Grandmother, for instance, would sit at the dinner table in complete exhaustion after having prepared the menu for a family of 10 - home-grown pork chops, mashed potatoes, fresh bread, creamed carrots, beets, squash, green beans, turnip, pickles (sweet and sour), conserve, stewed onions, tomatoes, cucumbers, apple dumplings with maple syrup, applesauce, apple tarts, apple jelly, mince pie, and cry-baby cookies. Grandmother took some happy composure from hearing her family eat, so she would dawdle with he r plate knowing her destiny was secure and she was earning her keep and appreciated. When the hired girl (who always sat at table) asked for more potatoes, Grandmother would rouse and serve her.

Then, ha-ha-ha, Grandfather would wipe his sated lips with his big, blue bandanna and jollify the congregation by saying, "That was good! Now, call in the servants to do the dishes!"

Grandmother always got a smile out of that, and after she finished the dishes she would begin to prepare supper.

I suppose no Prussian Torfbauer is going to believe that our hired girl sat at table with us - or the hired man. Or that Grandmother cooked for them, too. Servants' quarters? We didn't have butler and upstairs maids, coachmen and game keepers. We had, instead, three kinds of nonfamily assistance that lived with us.

First, state children. Not every family took them; they were wards of the state and a family had to pass inspection before getting any. The government paid, but not much, for their board and room and "instruction." They were expected to appreciate their good fortune and help with small chores. It was the way things were.

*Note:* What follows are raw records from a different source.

text \<open>
  (1) \<Longrightarrow> (2): in a GS ordering the leftmost earlier neighbour of a vertex precedes it, so
  following F-parents strictly decreases the position and ends at the first vertex.
  (2) \<Longrightarrow> (3): a parent is never a leaf, so following parents from a vertex outside S stays
  outside S up to the root, and every leaf is adjacent to its parent.
  (3) \<Longrightarrow> (1): order the connected set V - S by a search and append S; every vertex then has a
  neighbour in the first part, hence its F-parent lies there and no vertex of S is a parent.
\<close>

definition search_order :: "('a \<Rightarrow> 'a \<Rightarrow> bool) \<Rightarrow> 'a list \<Rightarrow> bool" where
  "search_order E xs \<longleftrightarrow> (\<forall>i. 0 < i \<and> i < length xs \<longrightarrow> (\<exists>j < i. E (xs ! i) (xs ! j)))"

lemma gs_ordering_iff_search_order:
  "gs_ordering V E xs \<longleftrightarrow> distinct xs \<and> set xs = V \<and> search_order E xs"
  by (simp add: gs_ordering_def search_order_def)

lemma search_order_singleton: "search_order E [x]"
  by (auto simp: search_order_def)

lemma search_order_snoc:
  assumes "search_order E xs" "x \<in> set xs" "E y x"
  shows "search_order E (xs @ [y])"
  unfolding search_order_def
proof (intro allI impI)
  fix i assume i: "0 < i \<and> i < length (xs @ [y])"
  show "\<exists>j<i. E ((xs @ [y]) ! i) ((xs @ [y]) ! j)"
  proof (cases "i < length xs")
    case True
    then show ?thesis
      using assms(1) i by (fastforce simp: search_order_def nth_append)
  next
    case False
    then have "i = length xs" using i by simp
    moreover obtain j where "j < length xs" "xs ! j = x"
      using assms(2) by (meson in_set_conv_nth)
    ultimately show ?thesis using assms(3) by (auto simp: nth_append)
  qed
qed

lemma search_order_append:
  assumes "search_order E xs" "\<forall>y \<in> set ys. \<exists>x \<in> set xs. E y x"
  shows "search_order E (xs @ ys)"
  using assms(2)
proof (induction ys rule: rev_induct)
  case Nil
  then show ?case using assms(1) by simp
next
  case (snoc y ys)
  then obtain x where "x \<in> set xs" "E y x" by auto
  with snoc show ?case
    using search_order_snoc[of E "xs @ ys" x y] by simp
qed

lemma search_order_neighbour_in_set:
  assumes "search_order E xs" "w \<in> set xs" "w \<noteq> hd xs"
  shows "\<exists>x \<in> set xs. E w x"
proof -
  obtain i where i: "i < length xs" "xs ! i = w"
    using assms(2) by (meson in_set_conv_nth)
  have "i \<noteq> 0"
  proof
    assume "i = 0"
    with i assms(3) show False by (cases xs) auto
  qed
  then obtain j where "j < i" "E w (xs ! j)"
    using assms(1) i by (auto simp: search_order_def)
  then show ?thesis using i(1) by auto
qed

lemma rtranclp_enters_set:
  assumes "R\<^sup>*\<^sup>* a b" "a \<notin> A" "b \<in> A"
  shows "\<exists>x y. R x y \<and> x \<notin> A \<and> y \<in> A"
  using assms by (induction rule: rtranclp_induct) auto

The saying in our town was that nobody but a fool would work for Grandfather, so we had a succession of odd-hired men who had the "back room" under the shed eaves. It was a good room, but as each hired man did his own tidying it usually needed a woman's thorough "swamping out" between occupants who came and went.

When we had a hired girl, she got the spare chamber over the pantry. Grandmother cooked for both, and to some extent, waited on both of them. The old farm wasn't much like those British films on the public TV, where the housekeeper has her own sitting room.

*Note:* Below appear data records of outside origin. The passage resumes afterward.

lemma Re_minus_i_tan_mult:
  assumes "cos t \<noteq> 0"
  shows "Re ((- \<i> - of_real (tan t)) * z) = Im (z / cis t) / cos t"
proof -
  have "(- \<i> - of_real (tan t)) * (of_real (cos t) * cis t) = - \<i>"
    using assms by (simp add: complex_eq_iff cis.ctr tan_def field_simps)
      (metis distrib_left mult.right_neutral sin_cos_squared_add3)
  then have "- \<i> - of_real (tan t) = - \<i> / (of_real (cos t) * cis t)"
    by (rule eq_divide_imp[rotated]) (use assms in simp)
  then have "(- \<i> - of_real (tan t)) * z = - \<i> * (z / cis t) / of_real (cos t)"
    by simp
  then show ?thesis
    by (simp only: Re_divide_of_real mult_minus_left uminus_complex.sel Re_i_times minus_minus)
qed

text \<open>The angles are locale parameters, tied to \<open>a1, a2, am\<close> by equations, so that
  proofs inside the locale treat \<open>sin \<Theta>\<^sub>i, cos \<Theta>\<^sub>i\<close> as atoms.\<close>
locale singular_polar_point =
  fixes p q :: nat and \<mu> u0 v0 :: complex and a1 a2 am :: real and \<kappa> :: int
    and \<Theta>1 \<Theta>2 \<Theta>3 \<epsilon> :: real
  assumes p_ge: "p \<ge> 2" and q_ge: "q \<ge> 2" and \<mu>_nz: "\<mu> \<noteq> 0"
    and singular: "singular_point p q \<mu> (u0, v0)"
    and arg_mu: "\<mu> = complex_of_real (cmod \<mu>) * cis am"
    and kappa: "(real p - 1) / 2 * a1 + am = (real q - 1) / 2 * a2 + real_of_int \<kappa> * pi"
    and \<Theta>1_eq: "\<Theta>1 = (real p + 1) / 2 * a1"
    and \<Theta>2_eq: "\<Theta>2 = (real p - 1) / 2 * a1 + am"
    and \<Theta>3_eq: "\<Theta>3 = (real q + 1) / 2 * a2"
    and \<epsilon>_eq: "\<epsilon> = (-1) powi \<kappa>"
begin

abbreviation "polar_z0 \<equiv> pt4 (cmod u0) a1 (cmod v0) a2"
abbreviation "P_monos \<equiv> conj_power_monos \<mu> p 0 @ conj_power_monos 1 q 2"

As with hired men, who came and went as Grandfather did or did not cotton to them, the hired girls had their difficulties with Grandmother. She could offend in a well-meaning way. "Oh, no, no! Lucy!" she'd say. "Not like that. Here, look!" And she'd wipe a cream pan which Lucy had just wiped, keeping Lucy steamed up until one morning Lucy would be gone.

But while there, the current Lucy was expected to dress the children, feed the cat, peel potatoes, wipe the mudroom, and "make herself useful" about the kitchen. She should swat flies and water the geraniums.

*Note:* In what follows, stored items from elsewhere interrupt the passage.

text \<open>
  Applying full linearity to the codes \<open>{(a, a x)}\<close> gives \<open>\<phi>(a x) \<phi>(1) = \<phi>(a) \<phi>(x)\<close>, so
  \<open>\<psi> = \<phi> / \<phi>(1)\<close> is a field automorphism fixing \<open>K\<close>. As \<open>q\<close> is a power of the characteristic,
  \<open>x \<mapsto> x^q\<close> is a field endomorphism with fixed field \<open>K\<close>; it permutes the roots \<open>g^(q^j)\<close>
  (\<open>j < m\<close>) of \<open>f = \<Prod>\<^sub>j (X - g^(q^j))\<close> cyclically, so \<open>f\<close> has coefficients in \<open>K\<close>. Hence
  \<open>\<psi>(g)\<close> is again a root of \<open>f\<close>, and choosing \<open>g\<close> to generate the multiplicative group makes
  \<open>\<psi>\<close> a power of the Frobenius. Conversely, if \<open>\<phi>(\<mu>) = \<beta> \<mu>^(q^j)\<close>, scaling an image vector
  by \<open>a\<close> is the image of scaling the original vector by the \<open>q^j\<close>-th root of \<open>a\<close>.
\<close>

lemma of_nat_mult_mem:
  fixes B :: "'a::semiring_1 set"
  assumes "0 \<in> B" "\<forall>x\<in>B. \<forall>y\<in>B. x + y \<in> B" "x \<in> B"
  shows "of_nat n * x \<in> B"
  using assms by (induction n) (auto simp: distrib_right)

lemma uminus_mem_if_add_closed:
  fixes B :: "'a::ring_1 set"
  assumes "CHAR('a) > 0" "0 \<in> B" "\<forall>x\<in>B. \<forall>y\<in>B. x + y \<in> B" "x \<in> B"
  shows "- x \<in> B"
proof -
  have "of_nat (CHAR('a) - 1) * x + x = of_nat CHAR('a) * x"
    using assms(1) by (simp add: distrib_right)
  then have "- x = of_nat (CHAR('a) - 1) * x"
    by (simp add: add_eq_0_iff2)
  then show ?thesis using of_nat_mult_mem[OF assms(2-4)] by simp
qed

Now and then a Lucy would be a gem, and my father told of one that helped him enormously with his trigonometry and his Latin.

But some were like Mildred Potts, who couldn't read and used to guess at what the notes said when Grandmother left instructions on the kitchen blackboard.

All was subject to Grandfather's running comments about the servants. "Now," he'd say, "I've made arrangements to let the butler and the cook and the maid have the evening off, so you kids stir your stumps and clear things away!" The maid and the cook meant Grandmother, pretty much, and the butler would have to be Soliloquy-Buster Freeland of Peppermint Corner, who talked to himself and had come for a week to shear sheep. He got 10 cents a clip. Grandmother would sometimes say, "Oh, it's no bother - I'd just as soon do it myself."